From the opening pages of Laura Dave’s Hello, Sunshine, I knew I wouldn’t be able to put this book down. Hello, Sunshine is like talking to a girl friend with a really good story. One of those what-had-happened-was stories. The kind of story where you know it’s all messy and your girl friend is probably in the wrong but it’s also so juicy that you don’t dare stop her to tell her about herself. That kind of really good story.

The pages flew by and so did the unraveling of Sunshine MacKenzie’s née Stephens’ perfectly curated life. Gone were her million Twitter follows, YouTube subscribers, Food Network show deal, cookbook contract (and the generous advance), her irresistible husband, and gorgeous too-good-to-be-true New York City apartment. With a few damaging tweets all aspects of her life and reputation were gone. As intimate details of her life became front page news, Sunshine began suspecting everyone of the hack … except the one person closest to her.

Her sleuthing would have to be put on hold as she scrambled to pick up the remaining pieces of her life, few as they were. With no money, no friends, and no where to go, she did what everyone does when they have nothing and no one – return home. Home for Sunshine was the Hamptons, a far cry from the down home, Southern upbringing she sold her followers on and which served as the basis for her cooking persona.
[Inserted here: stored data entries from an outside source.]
lemma support_fun_normal_cone:
  fixes P :: "'a::euclidean_space set"
  assumes "F face_of P" "x0 \<in> F" "w \<in> normal_cone P F"
  shows "support_fun P w = x0 \<bullet> w"
proof -
  have "x0 \<in> P" using assms(1,2) face_of_imp_subset by blast
  moreover have "\<forall>y\<in>P. y \<bullet> w \<le> x0 \<bullet> w"
    using assms(2,3) by (auto simp: normal_cone_def inner_commute)
  ultimately show ?thesis unfolding support_fun_def by (intro cSup_eq_maximum) auto
qed

lemma SUP_infdist_le_support_fun:
  fixes S T :: "'a::euclidean_space set"
  assumes "bounded S" "S \<noteq> {}" "closed T" "convex T" "T \<noteq> {}" "0 \<le> M"
    and "\<And>u. norm u = 1 \<Longrightarrow> support_fun S u - support_fun T u \<le> M"
  shows "(SUP a\<in>S. infdist a T) \<le> M"
proof (rule cSUP_least[OF assms(2)])
  fix a assume a: "a \<in> S"
  show "infdist a T \<le> M"
  proof (cases "a \<in> T")
    case True
    then show ?thesis using assms(6) by simp
  next
    case False
    define p where "p = closest_point T a"
    define d where "d = norm (a - p)"
    define u where "u = (1 / d) *\<^sub>R (a - p)"
    have "p \<in> T" unfolding p_def using closest_point_in_set[OF assms(3,5)] .
    then have "0 < d" using False by (auto simp: d_def)
    then have "norm u = 1" by (simp add: u_def d_def)
    have "support_fun T u \<le> p \<bullet> u"
    proof (rule support_fun_le[OF assms(5)])
      fix y assume "y \<in> T"
      then have "(a - p) \<bullet> (y - p) \<le> 0"
        unfolding p_def using closest_point_dot[OF assms(4,3)] by blast
      then have "(y - p) \<bullet> u \<le> 0"
        using \<open>0 < d\<close> by (simp add: u_def inner_commute divide_nonpos_pos)
      then show "y \<bullet> u \<le> p \<bullet> u" by (simp add: inner_diff_left)
    qed
    have "infdist a T \<le> d" using infdist_le[OF \<open>p \<in> T\<close>] by (simp add: d_def dist_norm)
    also have "\<dots> = (a - p) \<bullet> u"
      using \<open>0 < d\<close> by (simp add: u_def d_def dot_square_norm power2_eq_square)
    also have "\<dots> \<le> support_fun S u - support_fun T u"
      using support_fun_ge[OF assms(1) a, of u] \<open>support_fun T u \<le> p \<bullet> u\<close>
      by (simp add: inner_diff_left)
    also have "\<dots> \<le> M" using assms(7)[OF \<open>norm u = 1\<close>] .
    finally show ?thesis .
  qed
qed

lemma hausdorff_dist_le_support_fun:
  fixes S T :: "'a::euclidean_space set"
  assumes "compact S" "convex S" "S \<noteq> {}" "compact T" "convex T" "T \<noteq> {}"
    and "\<And>u. norm u = 1 \<Longrightarrow> \<bar>support_fun S u - support_fun T u\<bar> \<le> M"
  shows "hausdorff_dist S T \<le> M"
proof -
  obtain b :: 'a where "b \<in> Basis" using nonempty_Basis by blast
  then have "0 \<le> M" using assms(7)[of b] by simp
  have "(SUP a\<in>S. infdist a T) \<le> M"
    using assms(7) by (intro SUP_infdist_le_support_fun)
      (auto simp: assms \<open>0 \<le> M\<close> compact_imp_bounded compact_imp_closed abs_le_iff)
  moreover have "(SUP b\<in>T. infdist b S) \<le> M"
    using assms(7) by (intro SUP_infdist_le_support_fun)
      (auto simp: assms \<open>0 \<le> M\<close> compact_imp_bounded compact_imp_closed abs_le_iff)
  ultimately show ?thesis by (simp add: hausdorff_dist_def)
qed

section \<open>Simplicial fans\<close>

lemma fan_convex_cone: "fan \<Delta> \<Longrightarrow> C \<in> \<Delta> \<Longrightarrow> convex_cone C"
  unfolding fan_def by blast

lemma fan_polyhedron: "fan \<Delta> \<Longrightarrow> C \<in> \<Delta> \<Longrightarrow> polyhedron C"
  unfolding fan_def by blast

lemma fan_face_mem: "fan \<Delta> \<Longrightarrow> C \<in> \<Delta> \<Longrightarrow> F face_of C \<Longrightarrow> F \<noteq> {} \<Longrightarrow> F \<in> \<Delta>"
  unfolding fan_def by blast

lemma fan_Int_face_of: "fan \<Delta> \<Longrightarrow> C \<in> \<Delta> \<Longrightarrow> C' \<in> \<Delta> \<Longrightarrow> (C \<inter> C') face_of C"
  unfolding fan_def by blast

lemma simplicial_fan_imp_fan: "simplicial_fan \<Delta> \<Longrightarrow> fan \<Delta>"
  unfolding simplicial_fan_def by blast

lemma ray_generators_inj: "ray_generators \<Delta> v \<Longrightarrow> inj v"
  unfolding ray_generators_def inj_def by metis

lemma ray_generators_ray_eq:
  "ray_generators \<Delta> v \<Longrightarrow> convex_cone hull {v k} = convex_cone hull {v l} \<Longrightarrow> k = l"
  unfolding ray_generators_def inj_def by blast

lemma fan_ray_of_generator:
  fixes \<Delta> :: "'a::euclidean_space set set"
  assumes "fan \<Delta>" "ray_generators \<Delta> v" "convex_cone hull B \<in> \<Delta>"
    and "finite B" "independent B" "b \<in> B"
  obtains k where "convex_cone hull {b} = convex_cone hull {v k}"
proof -
  have "convex_cone hull {b} \<in> \<Delta>"
    using assms by (intro fan_face_mem[OF assms(1,3)] ray_face_of_convex_cone_hull convex_cone_hull_nonempty)
  moreover have "aff_dim (convex_cone hull {b}) = 1"
    using assms(5,6) dependent_zero by (intro aff_dim_convex_cone_hull_singleton) blast
  ultimately show thesis
    using assms(2) that unfolding ray_generators_def by blast
qed

lemma fan_generator_of_ray:
  fixes \<Delta> :: "'a::euclidean_space set set"
  assumes "fan \<Delta>" "ray_generators \<Delta> v" "convex_cone hull B \<in> \<Delta>"
    and "finite B" "independent B" "v k \<in> convex_cone hull B"
  obtains b where "b \<in> B" "convex_cone hull {v k} = convex_cone hull {b}"
proof -
  have "convex_cone hull {v k} \<in> \<Delta>"
    using assms(2) unfolding ray_generators_def by blast
  moreover have "convex_cone hull {v k} \<subseteq> convex_cone hull B"
    using assms(6) by (simp add: convex_cone_convex_cone_hull hull_minimal)
  ultimately have "convex_cone hull {v k} face_of convex_cone hull B"
    using fan_Int_face_of[OF assms(1,3)] by (metis inf.absorb_iff2)
  moreover have "0 \<notin> B" "v k \<noteq> 0"
    using assms(2,5) dependent_zero unfolding ray_generators_def by blast+
  ultimately show thesis
    using ray_face_of_convex_cone_hullE[OF assms(4)] that by blast
qed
While her New York life was in shambles, her Hamptons one wasn’t in much better shape. Her sister wanted her gone from the moment she set foot on the property of their childhood home, and the tight-knit Hamptons community was fully apprised of her New York undoing.

As she plots her return, Sunshine begins to question who she had become or rather who she had been portraying herself to be. In an Instagram world where every picture seems effortless and every caption insightful, had she fooled herself into believing her life was purely the sum of her posts? The questions of the misapplications of social media recur throughout the latter half of the story as Sunshine tries to make sense of how she ended up sleeping on her sister’s couch with no money and no one in her corner. Without sounding too preachy, Hello, Sunshine presents itself as a warning of the dangers of keeping up with the Kardashians.

A quick and entertaining read, Hello, Sunshine is the perfect selection especially when you’ve run out of bad decisions to regale your girl friends with and vice versa.

PAIR IT WITH a raspberry peach prosecco and ricotta and honey toast (there are a lot of variations of ricotta toast, but I like this one with pistachios the best.).